Problem details: Below are records; repeat them all exactly.

^^^^

(* f is (a representative-level) left adjoint of sigma_L : S \<mapsto> js S *)
definition sigma_left_adjoint :: "('a::order \<Rightarrow> 'a set) \<Rightarrow> bool" where
  "sigma_left_adjoint f \<longleftrightarrow>
     (\<forall>x. f x \<noteq> {}) \<and>
     (\<forall>x y. x \<le> y \<longrightarrow> susp_le (f x) (f y)) \<and>
     (\<forall>x S. S \<noteq> {} \<longrightarrow> (susp_le (f x) S \<longleftrightarrow> x \<le> js S))"

definition set_mult :: "('a \<Rightarrow> 'b \<Rightarrow> 'c) \<Rightarrow> 'a set \<Rightarrow> 'b set \<Rightarrow> 'c set" where
  "set_mult m S T = {m s t | s t. s \<in> S \<and> t \<in> T}"

definition blooming_q :: "('a::order \<Rightarrow> 'a \<Rightarrow> 'a) \<Rightarrow> bool" where
  "blooming_q mult \<longleftrightarrow> (\<exists>f. sigma_left_adjoint f \<and>
     (\<forall>a b. susp_eq (f (mult a b)) (set_mult mult (f a) (f b))))"

definition blooming_m :: "('q::order \<Rightarrow> 'q \<Rightarrow> 'q) \<Rightarrow> ('q \<Rightarrow> 'm::order \<Rightarrow> 'm) \<Rightarrow> bool" where
  "blooming_m mult act \<longleftrightarrow> blooming_q mult \<and>
     (\<exists>fQ g. sigma_left_adjoint fQ \<and> sigma_left_adjoint g \<and>
        (\<forall>q m. susp_eq (g (act q m)) (set_mult act (fQ q) (g m))))"

end

theory Submission
  imports Defs
begin

(* Both parts are instances of one statement about a map h : A \<times> B \<rightarrow> C of complete
   semilattices preserving nonempty joins in each variable (the multiplication of Q, or the
   action of Q on M). In an algebraic semilattice x \<mapsto> {c compact. c \<le> x} is a left adjoint
   of the join map \<sigma>, and for these adjoints multiplicativity up to suspension equivalence
   is exactly closure of the compact elements under h. Conversely, for any left adjoint f,
   x is compact iff x lies below the join of some finite set suspension-below f x; a
   multiplicative family of adjoints transports this from x and y to h x y. *)

lemma is_lub_unique: "is_lub S x \<Longrightarrow> is_lub S y \<Longrightarrow> x = y"
  unfolding is_lub_def by (meson order_antisym)

lemma js_eqI: "is_lub S x \<Longrightarrow> js S = x"
  unfolding js_def using is_lub_unique by blast

lemma is_lub_js:
  assumes "complete_semilattice TYPE('a::order)" and "(S::'a set) \<noteq> {}"
  shows "is_lub S (js S)"
proof -
  obtain x where "is_lub S x" using assms unfolding complete_semilattice_def by blast
  moreover from this have "js S = x" by (rule js_eqI)
  ultimately show ?thesis by simp
qed

lemma js_upper: "complete_semilattice TYPE('a::order) \<Longrightarrow> (s::'a) \<in> S \<Longrightarrow> s \<le> js S"
  using is_lub_js[of S] unfolding is_lub_def by blast

lemma js_least:
  "complete_semilattice TYPE('a::order) \<Longrightarrow> (S::'a set) \<noteq> {} \<Longrightarrow> (\<And>s. s \<in> S \<Longrightarrow> s \<le> y)
    \<Longrightarrow> js S \<le> y"
  using is_lub_js[of S] unfolding is_lub_def by blast

lemma js_singleton [simp]: "js {c} = c"
  by (rule js_eqI) (auto simp: is_lub_def)

lemma js_pair: "x \<le> y \<Longrightarrow> js {x, y} = y"
  by (rule js_eqI) (auto simp: is_lub_def)

lemma js_mono:
  "complete_semilattice TYPE('a::order) \<Longrightarrow> (S::'a set) \<noteq> {} \<Longrightarrow> S \<subseteq> T \<Longrightarrow> js S \<le> js T"
  by (meson js_least js_upper subsetD)

lemma susp_le_subset: "S \<subseteq> T \<Longrightarrow> susp_le S T"
  unfolding susp_le_def by (intro ballI exI[of _ "{_}"]) auto

lemma susp_le_refl: "susp_le S S"
  by (simp add: susp_le_subset)

lemma susp_le_finite_imp_js_le:
  assumes csl: "complete_semilattice TYPE('a::order)"
    and "finite (X::'a set)" and "X \<noteq> {}" and "susp_le X S"
  shows "\<exists>T. T \<subseteq> S \<and> finite T \<and> T \<noteq> {} \<and> js X \<le> js T"
proof -
  obtain F where F: "\<And>x. x \<in> X \<Longrightarrow> F x \<subseteq> S \<and> finite (F x) \<and> F x \<noteq> {} \<and> x \<le> js (F x)"
    using \<open>susp_le X S\<close> unfolding susp_le_def by metis
  define T where "T = (\<Union>x\<in>X. F x)"
  have "T \<subseteq> S" "finite T" "T \<noteq> {}"
    using F \<open>finite X\<close> \<open>X \<noteq> {}\<close> unfolding T_def by auto
  moreover have "js X \<le> js T"
  proof (rule js_least[OF csl \<open>X \<noteq> {}\<close>])
    fix x assume "x \<in> X"
    then have "x \<le> js (F x)" and "js (F x) \<le> js T"
      using F js_mono[OF csl, of "F x" T] unfolding T_def by auto
    then show "x \<le> js T" by (rule order_trans)
  qed
  ultimately show ?thesis by blast
qed

lemma susp_le_trans:
  assumes csl: "complete_semilattice TYPE('a::order)"
    and "susp_le (S::'a set) T" and "susp_le T U"
  shows "susp_le S U"
  unfolding susp_le_def
proof
  fix s assume "s \<in> S"
  then obtain T0 where T0: "T0 \<subseteq> T" "finite T0" "T0 \<noteq> {}" "s \<le> js T0"
    using assms(2) unfolding susp_le_def by blast
  have "susp_le T0 U" using assms(3) T0(1) unfolding susp_le_def by blast
  then obtain U0 where "U0 \<subseteq> U" "finite U0" "U0 \<noteq> {}" "js T0 \<le> js U0"
    using susp_le_finite_imp_js_le[OF csl T0(2,3)] by blast
  then show "\<exists>U0\<subseteq>U. finite U0 \<and> U0 \<noteq> {} \<and> s \<le> js U0"
    using T0(4) order_trans by blast
qed

definition join_preserving :: "('a::order \<Rightarrow> 'b::order) \<Rightarrow> bool" where
  "join_preserving g \<longleftrightarrow> (\<forall>S. S \<noteq> {} \<longrightarrow> g (js S) = js (g ` S))"

definition join_bilinear :: "('a::order \<Rightarrow> 'b::order \<Rightarrow> 'c::order) \<Rightarrow> bool" where
  "join_bilinear h \<longleftrightarrow> (\<forall>b. join_preserving (\<lambda>a. h a b)) \<and> (\<forall>a. join_preserving (h a))"

lemma join_preserving_mono:
  assumes "complete_semilattice TYPE('b::order)" and "join_preserving (g::'a::order \<Rightarrow> 'b)"
    and "x \<le> y"
  shows "g x \<le> g y"
proof -
  have "g y = g (js {x, y})" using js_pair[OF \<open>x \<le> y\<close>] by simp
  also have "\<dots> = js {g x, g y}"
    using \<open>join_preserving g\<close> unfolding join_preserving_def by (metis empty_not_insert image_insert image_empty)
  finally show ?thesis using js_upper[OF assms(1), of "g x" "{g x, g y}"] by simp
qed

lemma join_bilinear_mono:
  assumes csl: "complete_semilattice TYPE('c::order)"
    and h: "join_bilinear (h::'a::order \<Rightarrow> 'b::order \<Rightarrow> 'c)"
    and "x \<le> x'" and "y \<le> y'"
  shows "h x y \<le> h x' y'"
proof -
  have "h x y \<le> h x' y"
    using join_preserving_mono[OF csl _ \<open>x \<le> x'\<close>, of "\<lambda>a. h a y"] h
    unfolding join_bilinear_def by blast
  also have "\<dots> \<le> h x' y'"
    using join_preserving_mono[OF csl _ \<open>y \<le> y'\<close>, of "h x'"] h
    unfolding join_bilinear_def by blast
  finally show ?thesis .
qed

^^^^

Expected output:
(* f is (a representative-level) left adjoint of sigma_L : S \<mapsto> js S *)
definition sigma_left_adjoint :: "('a::order \<Rightarrow> 'a set) \<Rightarrow> bool" where
  "sigma_left_adjoint f \<longleftrightarrow>
     (\<forall>x. f x \<noteq> {}) \<and>
     (\<forall>x y. x \<le> y \<longrightarrow> susp_le (f x) (f y)) \<and>
     (\<forall>x S. S \<noteq> {} \<longrightarrow> (susp_le (f x) S \<longleftrightarrow> x \<le> js S))"

definition set_mult :: "('a \<Rightarrow> 'b \<Rightarrow> 'c) \<Rightarrow> 'a set \<Rightarrow> 'b set \<Rightarrow> 'c set" where
  "set_mult m S T = {m s t | s t. s \<in> S \<and> t \<in> T}"

definition blooming_q :: "('a::order \<Rightarrow> 'a \<Rightarrow> 'a) \<Rightarrow> bool" where
  "blooming_q mult \<longleftrightarrow> (\<exists>f. sigma_left_adjoint f \<and>
     (\<forall>a b. susp_eq (f (mult a b)) (set_mult mult (f a) (f b))))"

definition blooming_m :: "('q::order \<Rightarrow> 'q \<Rightarrow> 'q) \<Rightarrow> ('q \<Rightarrow> 'm::order \<Rightarrow> 'm) \<Rightarrow> bool" where
  "blooming_m mult act \<longleftrightarrow> blooming_q mult \<and>
     (\<exists>fQ g. sigma_left_adjoint fQ \<and> sigma_left_adjoint g \<and>
        (\<forall>q m. susp_eq (g (act q m)) (set_mult act (fQ q) (g m))))"

end

theory Submission
  imports Defs
begin

(* Both parts are instances of one statement about a map h : A \<times> B \<rightarrow> C of complete
   semilattices preserving nonempty joins in each variable (the multiplication of Q, or the
   action of Q on M). In an algebraic semilattice x \<mapsto> {c compact. c \<le> x} is a left adjoint
   of the join map \<sigma>, and for these adjoints multiplicativity up to suspension equivalence
   is exactly closure of the compact elements under h. Conversely, for any left adjoint f,
   x is compact iff x lies below the join of some finite set suspension-below f x; a
   multiplicative family of adjoints transports this from x and y to h x y. *)

lemma is_lub_unique: "is_lub S x \<Longrightarrow> is_lub S y \<Longrightarrow> x = y"
  unfolding is_lub_def by (meson order_antisym)

lemma js_eqI: "is_lub S x \<Longrightarrow> js S = x"
  unfolding js_def using is_lub_unique by blast

lemma is_lub_js:
  assumes "complete_semilattice TYPE('a::order)" and "(S::'a set) \<noteq> {}"
  shows "is_lub S (js S)"
proof -
  obtain x where "is_lub S x" using assms unfolding complete_semilattice_def by blast
  moreover from this have "js S = x" by (rule js_eqI)
  ultimately show ?thesis by simp
qed

lemma js_upper: "complete_semilattice TYPE('a::order) \<Longrightarrow> (s::'a) \<in> S \<Longrightarrow> s \<le> js S"
  using is_lub_js[of S] unfolding is_lub_def by blast

lemma js_least:
  "complete_semilattice TYPE('a::order) \<Longrightarrow> (S::'a set) \<noteq> {} \<Longrightarrow> (\<And>s. s \<in> S \<Longrightarrow> s \<le> y)
    \<Longrightarrow> js S \<le> y"
  using is_lub_js[of S] unfolding is_lub_def by blast

lemma js_singleton [simp]: "js {c} = c"
  by (rule js_eqI) (auto simp: is_lub_def)

lemma js_pair: "x \<le> y \<Longrightarrow> js {x, y} = y"
  by (rule js_eqI) (auto simp: is_lub_def)

lemma js_mono:
  "complete_semilattice TYPE('a::order) \<Longrightarrow> (S::'a set) \<noteq> {} \<Longrightarrow> S \<subseteq> T \<Longrightarrow> js S \<le> js T"
  by (meson js_least js_upper subsetD)

lemma susp_le_subset: "S \<subseteq> T \<Longrightarrow> susp_le S T"
  unfolding susp_le_def by (intro ballI exI[of _ "{_}"]) auto

lemma susp_le_refl: "susp_le S S"
  by (simp add: susp_le_subset)

lemma susp_le_finite_imp_js_le:
  assumes csl: "complete_semilattice TYPE('a::order)"
    and "finite (X::'a set)" and "X \<noteq> {}" and "susp_le X S"
  shows "\<exists>T. T \<subseteq> S \<and> finite T \<and> T \<noteq> {} \<and> js X \<le> js T"
proof -
  obtain F where F: "\<And>x. x \<in> X \<Longrightarrow> F x \<subseteq> S \<and> finite (F x) \<and> F x \<noteq> {} \<and> x \<le> js (F x)"
    using \<open>susp_le X S\<close> unfolding susp_le_def by metis
  define T where "T = (\<Union>x\<in>X. F x)"
  have "T \<subseteq> S" "finite T" "T \<noteq> {}"
    using F \<open>finite X\<close> \<open>X \<noteq> {}\<close> unfolding T_def by auto
  moreover have "js X \<le> js T"
  proof (rule js_least[OF csl \<open>X \<noteq> {}\<close>])
    fix x assume "x \<in> X"
    then have "x \<le> js (F x)" and "js (F x) \<le> js T"
      using F js_mono[OF csl, of "F x" T] unfolding T_def by auto
    then show "x \<le> js T" by (rule order_trans)
  qed
  ultimately show ?thesis by blast
qed

lemma susp_le_trans:
  assumes csl: "complete_semilattice TYPE('a::order)"
    and "susp_le (S::'a set) T" and "susp_le T U"
  shows "susp_le S U"
  unfolding susp_le_def
proof
  fix s assume "s \<in> S"
  then obtain T0 where T0: "T0 \<subseteq> T" "finite T0" "T0 \<noteq> {}" "s \<le> js T0"
    using assms(2) unfolding susp_le_def by blast
  have "susp_le T0 U" using assms(3) T0(1) unfolding susp_le_def by blast
  then obtain U0 where "U0 \<subseteq> U" "finite U0" "U0 \<noteq> {}" "js T0 \<le> js U0"
    using susp_le_finite_imp_js_le[OF csl T0(2,3)] by blast
  then show "\<exists>U0\<subseteq>U. finite U0 \<and> U0 \<noteq> {} \<and> s \<le> js U0"
    using T0(4) order_trans by blast
qed

definition join_preserving :: "('a::order \<Rightarrow> 'b::order) \<Rightarrow> bool" where
  "join_preserving g \<longleftrightarrow> (\<forall>S. S \<noteq> {} \<longrightarrow> g (js S) = js (g ` S))"

definition join_bilinear :: "('a::order \<Rightarrow> 'b::order \<Rightarrow> 'c::order) \<Rightarrow> bool" where
  "join_bilinear h \<longleftrightarrow> (\<forall>b. join_preserving (\<lambda>a. h a b)) \<and> (\<forall>a. join_preserving (h a))"

lemma join_preserving_mono:
  assumes "complete_semilattice TYPE('b::order)" and "join_preserving (g::'a::order \<Rightarrow> 'b)"
    and "x \<le> y"
  shows "g x \<le> g y"
proof -
  have "g y = g (js {x, y})" using js_pair[OF \<open>x \<le> y\<close>] by simp
  also have "\<dots> = js {g x, g y}"
    using \<open>join_preserving g\<close> unfolding join_preserving_def by (metis empty_not_insert image_insert image_empty)
  finally show ?thesis using js_upper[OF assms(1), of "g x" "{g x, g y}"] by simp
qed

lemma join_bilinear_mono:
  assumes csl: "complete_semilattice TYPE('c::order)"
    and h: "join_bilinear (h::'a::order \<Rightarrow> 'b::order \<Rightarrow> 'c)"
    and "x \<le> x'" and "y \<le> y'"
  shows "h x y \<le> h x' y'"
proof -
  have "h x y \<le> h x' y"
    using join_preserving_mono[OF csl _ \<open>x \<le> x'\<close>, of "\<lambda>a. h a y"] h
    unfolding join_bilinear_def by blast
  also have "\<dots> \<le> h x' y'"
    using join_preserving_mono[OF csl _ \<open>y \<le> y'\<close>, of "h x'"] h
    unfolding join_bilinear_def by blast
  finally show ?thesis .
qed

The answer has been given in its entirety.